# Re-Arranging

• Mar 10th 2007, 09:16 AM
TheOnlyNameLeft
Re-Arranging
Hi, I'm stuck on what is probably a very basic re-arranging of an equation but I just can't do it!

Basically, I need to find B in terms of Y:

Y = (B^1.4 - 1) / (B - 1)

Y is actually something a bit more complicated but it's known so it doesn't matter.

Thanks!
• Mar 12th 2007, 10:02 PM
CaptainBlack
Quote:

Originally Posted by TheOnlyNameLeft
Hi, I'm stuck on what is probably a very basic re-arranging of an equation but I just can't do it!

Basically, I need to find B in terms of Y:

Y = (B^1.4 - 1) / (B - 1)

Y is actually something a bit more complicated but it's known so it doesn't matter.

Thanks!

I doubt that there is a smple rearrangement for this

RonL
• Mar 13th 2007, 08:46 AM
Richard Rahl
I plugged it into Maple and got something back that was very confusing, I can post it here if you wish, but I'm not sure I understand it.
• Mar 13th 2007, 04:50 PM
TheOnlyNameLeft
Yeah no harm in putting it up if you can. :)

MATLAB couldn't solve it either.
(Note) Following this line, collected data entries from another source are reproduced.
(* Let $\varepsilon>0$ be a constant, $m=m(n)=n^{1+\varepsilon}$ and $\mu=\mu(n)=n^{-\varepsilon}$. Suppose that for every $n$ there is a matrix $A_n\in\mathbb{F}_2^{m\times n}$ such that there is no family of polynomial-size non-uniform nondeterministic circuits $C:\{0,1\}^m\to\{0,1\}$ that accepts a constant fraction of uniformly random strings in $\{0,1\}^m$ but rejects every string of the form $A_n\vec{s}+\vec{e}$ with $\vec{s}\in\mathbb{F}_2^n$ and $\vec{e}\in\mathbb{F}_2^m$ of Hamming weight at most $\mu m$. Then there exist constants $\varepsilon'>0$, $d\ge2$ and a (non-uniformly computable) family of demi-bits generators $\{g_n:\{0,1\}^n\to\{0,1\}^{n^{1+\varepsilon'}}\}$ secure against $\mathbf{NP}/\mathrm{poly}$ such that each output bit of $g_n$ is computable by a polynomial of degree $d$ over $\mathbb{F}_2$.
   Context: A family $\{g_n:\{0,1\}^n\to\{0,1\}^{N(n)}\}$ with $N(n)>n$, computable by polynomial-size circuits, is a demi-bits generator secure against $\mathbf{NP}/\mathrm{poly}$ if there is no family of polynomial-size nondeterministic circuits $D$ that accepts a constant fraction of $y\in\{0,1\}^{N}$ while rejecting every $y\in\mathrm{Range}(g_n)$ (for all sufficiently large $n$). *)

theory Defs
  imports Complex_Main
begin

text \<open>Boolean circuits as straight-line programs over the basis AND/OR/NOT.
  Strings in {0,1}^k are bool lists of length k (True = 1).\<close>

datatype gate = Input nat | Const bool | Neg nat | And nat nat | Or nat nat

definition wire :: "bool list \<Rightarrow> nat \<Rightarrow> bool" where
  "wire vs j = (if j < length vs then vs ! j else False)"

fun gate_val :: "bool list \<Rightarrow> bool list \<Rightarrow> gate \<Rightarrow> bool" where
  "gate_val x vs (Input i) = wire x i"
| "gate_val x vs (Const b) = b"
| "gate_val x vs (Neg j) = (\<not> wire vs j)"
| "gate_val x vs (And j k) = (wire vs j \<and> wire vs k)"
| "gate_val x vs (Or j k) = (wire vs j \<or> wire vs k)"

text \<open>Values of all wires (gate i may only read wires j < i).\<close>
definition wire_vals :: "gate list \<Rightarrow> bool list \<Rightarrow> bool list" where
  "wire_vals gs x = foldl (\<lambda>vs g. vs @ [gate_val x vs g]) [] gs"

definition circ_eval :: "gate list \<Rightarrow> bool list \<Rightarrow> bool" where
  "circ_eval gs x = (gs \<noteq> [] \<and> last (wire_vals gs x))"

text \<open>Multi-output circuit: gates plus a list of output wires; size = number of gates.\<close>
definition mcirc_eval :: "gate list \<times> nat list \<Rightarrow> bool list \<Rightarrow> bool list" where
  "mcirc_eval C x = map (wire (wire_vals (fst C) x)) (snd C)"

definition nd_accepts :: "gate list \<times> nat \<Rightarrow> bool list \<Rightarrow> bool" where
  "nd_accepts D y = (\<exists>w. length w = snd D \<and> circ_eval (fst D) (y @ w))"

definition nd_size :: "gate list \<times> nat \<Rightarrow> nat" where
  "nd_size D = length (fst D) + snd D"

definition strings :: "nat \<Rightarrow> bool list set" where
  "strings k = {y. length y = k}"

definition accept_frac :: "gate list \<times> nat \<Rightarrow> nat \<Rightarrow> real" where
  "accept_frac D k = real (card {y \<in> strings k. nd_accepts D y}) / 2 ^ k"

definition poly_bounded :: "(nat \<Rightarrow> nat) \<Rightarrow> bool" where
  "poly_bounded s = (\<exists>c::nat. \<forall>n. s n \<le> c * (n + 1) ^ c)"

definition hard_NPpoly :: "(nat \<Rightarrow> nat) \<Rightarrow> (nat \<Rightarrow> bool list set) \<Rightarrow> bool" where
  "hard_NPpoly N R = (\<not> (\<exists>(D :: nat \<Rightarrow> gate list \<times> nat) (\<delta>::real).
      poly_bounded (\<lambda>n. nd_size (D n)) \<and> \<delta> > 0 \<and>
      (\<forall>\<^sub>F n in sequentially. accept_frac (D n) (N n) \<ge> \<delta> \<and>
                               (\<forall>y \<in> R n. \<not> nd_accepts (D n) y))))"

definition demi_bits_gen :: "(nat \<Rightarrow> bool list \<Rightarrow> bool list) \<Rightarrow> (nat \<Rightarrow> nat) \<Rightarrow> bool" where
  "demi_bits_gen g N =
     ((\<forall>\<^sub>F n in sequentially. N n > n) \<and>
      (\<forall>n x. length x = n \<longrightarrow> length (g n x) = N n) \<and>
      (\<exists>C :: nat \<Rightarrow> gate list \<times> nat list.
          poly_bounded (\<lambda>n. length (fst (C n))) \<and>
          (\<forall>n x. length x = n \<longrightarrow> mcirc_eval (C n) x = g n x)) \<and>
      hard_NPpoly N (\<lambda>n. g n ` strings n))"

text \<open>A polynomial over F_2 in variables x_0..x_{n-1} of degree at most d, in
  (multilinear) monomial form: a finite set of monomials, each a set of at most d
  variable indices; its value is the parity of the number of satisfied monomials.\<close>
definition f2_poly_deg :: "nat \<Rightarrow> nat \<Rightarrow> nat set set \<Rightarrow> bool" where
  "f2_poly_deg n d P = (P \<subseteq> Pow {0..<n} \<and> (\<forall>M \<in> P. card M \<le> d))"

definition f2_poly_eval :: "nat set set \<Rightarrow> bool list \<Rightarrow> bool" where
  "f2_poly_eval P x = odd (card {M \<in> P. \<forall>j \<in> M. x ! j})"

text \<open>LPN samples A s + e over F_2, with A given as a predicate A i j (entry in row i, column j).\<close>
definition lin_F2 :: "(nat \<Rightarrow> nat \<Rightarrow> bool) \<Rightarrow> nat \<Rightarrow> nat \<Rightarrow> bool list \<Rightarrow> bool list \<Rightarrow> bool list" where
  "lin_F2 A m n s e = map (\<lambda>i. odd (card {j \<in> {0..<n}. A i j \<and> s ! j}) \<noteq> e ! i) [0..<m]"

definition hamming_weight :: "bool list \<Rightarrow> nat" where
  "hamming_weight e = length (filter id e)"

definition lpn_range :: "(nat \<Rightarrow> nat \<Rightarrow> bool) \<Rightarrow> nat \<Rightarrow> nat \<Rightarrow> real \<Rightarrow> bool list set" where
  "lpn_range A m n mu = {lin_F2 A m n s e | s e. length s = n \<and> length e = m \<and>
                            real (hamming_weight e) \<le> mu * real m}"

end

theory Submission
  imports Defs "HOL-Library.Sublist"
begin

text \<open>An LPN sample A s + e with secret length k has at most mu m \<le> k errors, and its first
  N coordinates are an output of a degree-d map over F_2.  The seed is the secret s followed,
  for each of k error slots, by d one-hot blocks of length a spelling the error position in
  base a; the indicator "slot j holds position i" is then a product of d seed bits.  With a
  about k^(1/q) and d about q(1 + eps), the seed length n is about k^(1 + 1/q) while a^d \<ge> m,
  so N = n^(1 + eps') output bits fit into the m samples.  A nondeterministic circuit rejecting
  the range of this generator, run on the first N bits of its input, rejects every noisy LPN
  sample and accepts the same fraction of random strings.\<close>

section \<open>Circuits computing sums of monomials over F_2\<close>

lemma wire_vals_snoc: "wire_vals (gs @ [g]) x = wire_vals gs x @ [gate_val x (wire_vals gs x) g]"
  by (simp add: wire_vals_def)

lemma wire_vals_append:
  "wire_vals (gs @ hs) x = foldl (\<lambda>vs g. vs @ [gate_val x vs g]) (wire_vals gs x) hs"
  by (simp add: wire_vals_def)

lemma length_wire_vals [simp]: "length (wire_vals gs x) = length gs"
  by (induction gs rule: rev_induct) (auto simp: wire_vals_snoc, simp add: wire_vals_def)

lemma prefix_wire_vals:
  assumes "prefix gs hs" shows "prefix (wire_vals gs x) (wire_vals hs x)"
proof -
  obtain zs where "hs = gs @ zs" using assms by (auto simp: prefix_def)
  moreover have "prefix (wire_vals gs x) (wire_vals (gs @ zs) x)"
    by (induction zs rule: rev_induct) (auto simp: wire_vals_snoc simp flip: append_assoc)
  ultimately show ?thesis by simp
qed

lemma wire_wire_vals_prefix:
  assumes "prefix gs hs" "j < length gs"
  shows "wire (wire_vals hs x) j = wire (wire_vals gs x) j"
  using prefix_wire_vals[OF assms(1), of x] prefix_length_le[OF assms(1)] assms(2)
  by (auto simp: wire_def prefix_def nth_append)

lemma wire_wire_vals_last:
  "wire (wire_vals (gs @ [g]) x) (length gs) = gate_val x (wire_vals gs x) g"
  by (simp add: wire_vals_snoc wire_def nth_append)

fun and_gates :: "gate list \<Rightarrow> nat list \<Rightarrow> gate list \<times> nat" where
  "and_gates gs [] = (gs @ [Const True], length gs)"
| "and_gates gs (v # vs) = (case and_gates gs vs of (gs', a) \<Rightarrow>
      (gs' @ [Input v, And a (length gs')], Suc (length gs')))"

lemma and_gates_spec:
  assumes "and_gates gs vs = (hs, w)"
  shows "prefix gs hs \<and> w < length hs \<and> length hs = length gs + 2 * length vs + 1 \<and>
    wire (wire_vals hs x) w = (\<forall>v\<in>set vs. wire x v)"
  using assms
proof (induction vs arbitrary: hs w)
  case Nil
  then show ?case by (auto simp: wire_wire_vals_last)
next
  case (Cons v vs)
  obtain gs' a where rec: "and_gates gs vs = (gs', a)" by fastforce
  with Cons.prems have hs: "hs = gs' @ [Input v, And a (length gs')]" and w: "w = Suc (length gs')"
    by auto
  have "a < length gs'" using Cons.IH[OF rec] by simp
  then have "wire (wire_vals hs x) w = (wire (wire_vals gs' x) a \<and> wire x v)"
    unfolding hs w by (auto simp: wire_vals_append wire_def nth_append)
  then show ?case using Cons.IH[OF rec] unfolding hs w by auto
qed

definition xor_gates :: "nat \<Rightarrow> nat \<Rightarrow> nat \<Rightarrow> gate list" where
  "xor_gates a b n = [Neg a, Neg b, And a (n + 1), And n b, Or (n + 2) (n + 3)]"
Like the way it's become high school maths now aswell. :D
• Mar 13th 2007, 07:24 PM
ThePerfectHacker
Quote:

Originally Posted by TheOnlyNameLeft
Hi, I'm stuck on what is probably a very basic re-arranging of an equation but I just can't do it!
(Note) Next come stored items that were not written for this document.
(* A separable rho is a sum of projections |z_k><z_k| onto product vectors z_k = v_k (x) x_k, so
   K rho K^* = sum_k |a_k><a_k| with a_k = K z_k, whose i-th entry is <u_i|v_k><w_i|x_k>.
   Each nonzero term is a rank-one PSD matrix whose graph lies in H: if the entries i and j of a_k
   are both nonzero, then <u_i|v_k> and <w_j|x_k> are nonzero, so
   D(rho)_ij = sum_k |<u_i|v_k>|^2 |<w_j|x_k>|^2 > 0; likewise D(rho)_ji > 0, hence {i,j} is an edge
   of G(D(rho)), which is contained in H.
   In the code, v \<bullet>c u denotes <u|v>. *)

lemma sum_lessThan_mult_div_mod:
  fixes f :: "nat \<Rightarrow> nat \<Rightarrow> 'a::comm_monoid_add"
  shows "(\<Sum>p<a*b. f (p div b) (p mod b)) = (\<Sum>i<a. \<Sum>j<b. f i j)"
proof -
  have bij: "bij_betw (\<lambda>(i,j). i*b + j) ({..<a} \<times> {..<b}) {..<a*b}"
  proof (rule bij_betwI[where g="\<lambda>p. (p div b, p mod b)"])
    show "(\<lambda>(i,j). i*b + j) \<in> {..<a} \<times> {..<b} \<rightarrow> {..<a*b}"
    proof (clarsimp)
      fix i j assume "i < a" "j < b"
      then have "i*b + j < (i+1)*b" by simp
      also have "\<dots> \<le> a*b" using \<open>i < a\<close> by (intro mult_right_mono) auto
      finally show "i*b + j < a*b" .
    qed
    show "(\<lambda>p. (p div b, p mod b)) \<in> {..<a*b} \<rightarrow> {..<a} \<times> {..<b}"
      by (auto simp: less_mult_imp_div_less intro!: mod_less_divisor gr0I)
  qed auto
  have "(\<Sum>i<a. \<Sum>j<b. f i j) = (\<Sum>(i,j)\<in>{..<a} \<times> {..<b}. f ((i*b + j) div b) ((i*b + j) mod b))"
    by (auto simp: sum.cartesian_product intro!: sum.cong)
  also have "\<dots> = (\<Sum>p<a*b. f (p div b) (p mod b))"
    using sum.reindex_bij_betw[OF bij, of "\<lambda>p. f (p div b) (p mod b)"] by (simp add: case_prod_unfold)
  finally show ?thesis by simp
qed

lemma dim_kron_vec [simp]: "dim_vec (kron_vec v w) = dim_vec v * dim_vec w"
  by (simp add: kron_vec_def)

lemma carrier_kron_vec: "v \<in> carrier_vec n \<Longrightarrow> w \<in> carrier_vec m \<Longrightarrow> kron_vec v w \<in> carrier_vec (n * m)"
  by (rule carrier_vecI) auto

lemma kron_vec_cscalar_prod:
  assumes "dim_vec a = dim_vec c" "dim_vec b = dim_vec e"
  shows "kron_vec a b \<bullet>c kron_vec c e = (a \<bullet>c c) * (b \<bullet>c e)"
proof -
  have "kron_vec a b \<bullet>c kron_vec c e = (\<Sum>p<dim_vec c * dim_vec e.
      a $ (p div dim_vec e) * b $ (p mod dim_vec e) * cnj (c $ (p div dim_vec e) * e $ (p mod dim_vec e)))"
    using assms by (auto simp: scalar_prod_def kron_vec_def atLeast0LessThan intro!: sum.cong)
  also have "\<dots> = (\<Sum>i<dim_vec c. \<Sum>j<dim_vec e. a $ i * b $ j * cnj (c $ i * e $ j))"
    by (fact sum_lessThan_mult_div_mod[of "\<lambda>i j. a $ i * b $ j * cnj (c $ i * e $ j)"])
  also have "\<dots> = (a \<bullet>c c) * (b \<bullet>c e)"
    using assms by (simp add: scalar_prod_def atLeast0LessThan sum_product ac_simps)
  finally show ?thesis .
qed

lemma kron_mat_ketbra:
  "kron_mat (ketbra v v') (ketbra x x') = ketbra (kron_vec v x) (kron_vec v' x')"
proof (rule eq_matI)
  fix i j assume "i < dim_row (ketbra (kron_vec v x) (kron_vec v' x'))"
    "j < dim_col (ketbra (kron_vec v x) (kron_vec v' x'))"
  then have ij: "i < dim_vec v * dim_vec x" "j < dim_vec v' * dim_vec x'"
    by (auto simp: ketbra_def kron_vec_def)
  then have "i div dim_vec x < dim_vec v" "i mod dim_vec x < dim_vec x"
    "j div dim_vec x' < dim_vec v'" "j mod dim_vec x' < dim_vec x'"
    by (auto simp: less_mult_imp_div_less intro!: mod_less_divisor gr0I)
  with ij show "kron_mat (ketbra v v') (ketbra x x') $$ (i, j) =
      ketbra (kron_vec v x) (kron_vec v' x') $$ (i, j)"
    by (simp add: kron_mat_def ketbra_def kron_vec_def)
qed (auto simp: kron_mat_def ketbra_def kron_vec_def)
Basically, I need to find B in terms of Y:

Y = (B^1.4 - 1) / (B - 1)
!

Let, A=B^(.2)

Then we have,
(A^6-1)/(A-1)=Y
Divide through,
1+A+A^2+A^3+A^4+A^5=y

That is a Cycotomic polynomial. It is irreducible.
• Mar 14th 2007, 04:07 AM
topsquark
Quote:

Originally Posted by ThePerfectHacker
Let, A=B^(.2)

Then we have,
(A^6-1)/(A-1)=Y
Divide through,
1+A+A^2+A^3+A^4+A^5=y

That is a Cycotomic polynomial. It is irreducible.
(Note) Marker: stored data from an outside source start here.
(* Assume Case (III) holds with $\mathrm{rank}(\mathbf H)=m$, and let $\mathbf y^\star=(\mathbf H^T\mathbf H)^{-1}\mathbf H^T\mathbf z$ be the unique least squares solution, i.e. the unique minimizer of $\|\mathbf z-\mathbf H\mathbf y\|^2$. Suppose $\mathrm G_{\sigma(t)}\equiv\mathrm G^S=(\mathrm V,\mathrm E^S)$ for a fixed bidirectional connected graph $\mathrm G^S$, and $a_{ij}(t)=a_{ji}(t)\equiv a_{ij}^S>0$ are constants. Then for every $\epsilon>0$ there exists $K_\ast(\epsilon)>0$ such that whenever $K\ge K_\ast(\epsilon)$, for every initial value $\mathbf x(0)$ the limit $\mathbf x(\infty)=\lim_{t\to\infty}\mathbf x(t)$ along the "consensus + projection" flow exists and $\|\mathbf x_i(\infty)-\mathbf y^\star\|\le\epsilon$ for all $i\in\mathrm V$.
   Context: Setting: $N,m\ge 1$; $\mathbf H\in\mathbb R^{N\times m}$ has rows $\mathbf h_1^{T},\dots,\mathbf h_N^{T}$ with $\|\mathbf h_i\|=1$ for all $i$; $\mathbf z=(z_1,\dots,z_N)^T\in\mathbb R^N$. Let $\mathcal A_i=\{\mathbf y\in\mathbb R^m:\mathbf h_i^T\mathbf y=z_i\}$ and $\mathcal P_{\mathcal A_i}(\mathbf y)=(I-\mathbf h_i\mathbf h_i^T)\mathbf y+z_i\mathbf h_i$ the Euclidean projection onto $\mathcal A_i$. Case (III): $\mathbf z$ is not in the column space of $\mathbf H$. Network: $\mathrm V=\{1,\dots,N\}$; for a graph with arc set $\mathrm E$, $\mathrm N_i=\{j:(j,i)\in\mathrm E\}$; a graph is bidirectional if $(i,j)\in\mathrm E\iff(j,i)\in\mathrm E$, and connected if moreover strongly connected. The "consensus + projection" flow with gain $K>0$ on this fixed graph is $\dot{\mathbf x}_i=K\sum_{j\in\mathrm N_i}a_{ij}^S(\mathbf x_j-\mathbf x_i)+\mathcal P_{\mathcal A_i}(\mathbf x_i)-\mathbf x_i$, $i\in\mathrm V$, with $\mathbf x_i(t)\in\mathbb R^m$, $\mathbf x=(\mathbf x_1,\dots,\mathbf x_N)$. *)

theory Defs
  imports "HOL-Analysis.Analysis"
begin

text \<open>Agents are indexed by a finite type 'n (so N = CARD('n)), the state space
  is real^'m (so m = CARD('m)). H :: real^'m^'n has rows h_i = H $ i.\<close>

definition proj_A :: "real^'m^'n \<Rightarrow> real^'n \<Rightarrow> 'n \<Rightarrow> real^'m \<Rightarrow> real^'m" where
  "proj_A H z i y = (y - (inner (H $ i) y) *\<^sub>R (H $ i)) + (z $ i) *\<^sub>R (H $ i)"

definition least_squares_sol :: "real^'m^'n \<Rightarrow> real^'n \<Rightarrow> real^'m" where
  "least_squares_sol H z = matrix_inv (transpose H ** H) *v (transpose H *v z)"

definition bidirectional :: "('n \<times> 'n) set \<Rightarrow> bool" where
  "bidirectional E \<longleftrightarrow> (\<forall>i j. (i, j) \<in> E \<longleftrightarrow> (j, i) \<in> E)"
This is a clever substitution. But how on Earth did you get that form in terms of A?

Y = (A^7 - 1)/(A^{1/0.2} - 1) = (A^7 - 1)/(A^5 - 1)

Y = (A^6 + A^5 + A^4 + A^3 + A^2 + A + 1)/(A^4 + A^3 + A^2 + A + 1)
if I did that right.

-Dan
• Mar 14th 2007, 06:57 AM
ThePerfectHacker
Quote:

Originally Posted by topsquark
This is a clever substitution. But how on Earth did you get that form in terms of A?

I used the identity,

x^n-y^n=(x-y)(x^{n-1}y+...+xy^{n-1})
• Mar 14th 2007, 07:39 AM
ThePerfectHacker
Quote:

Originally Posted by CaptainBlank
or:

(A^7-1)/(A^5-1)=Y

RonL

It seems I made another mistake (that is typical of me).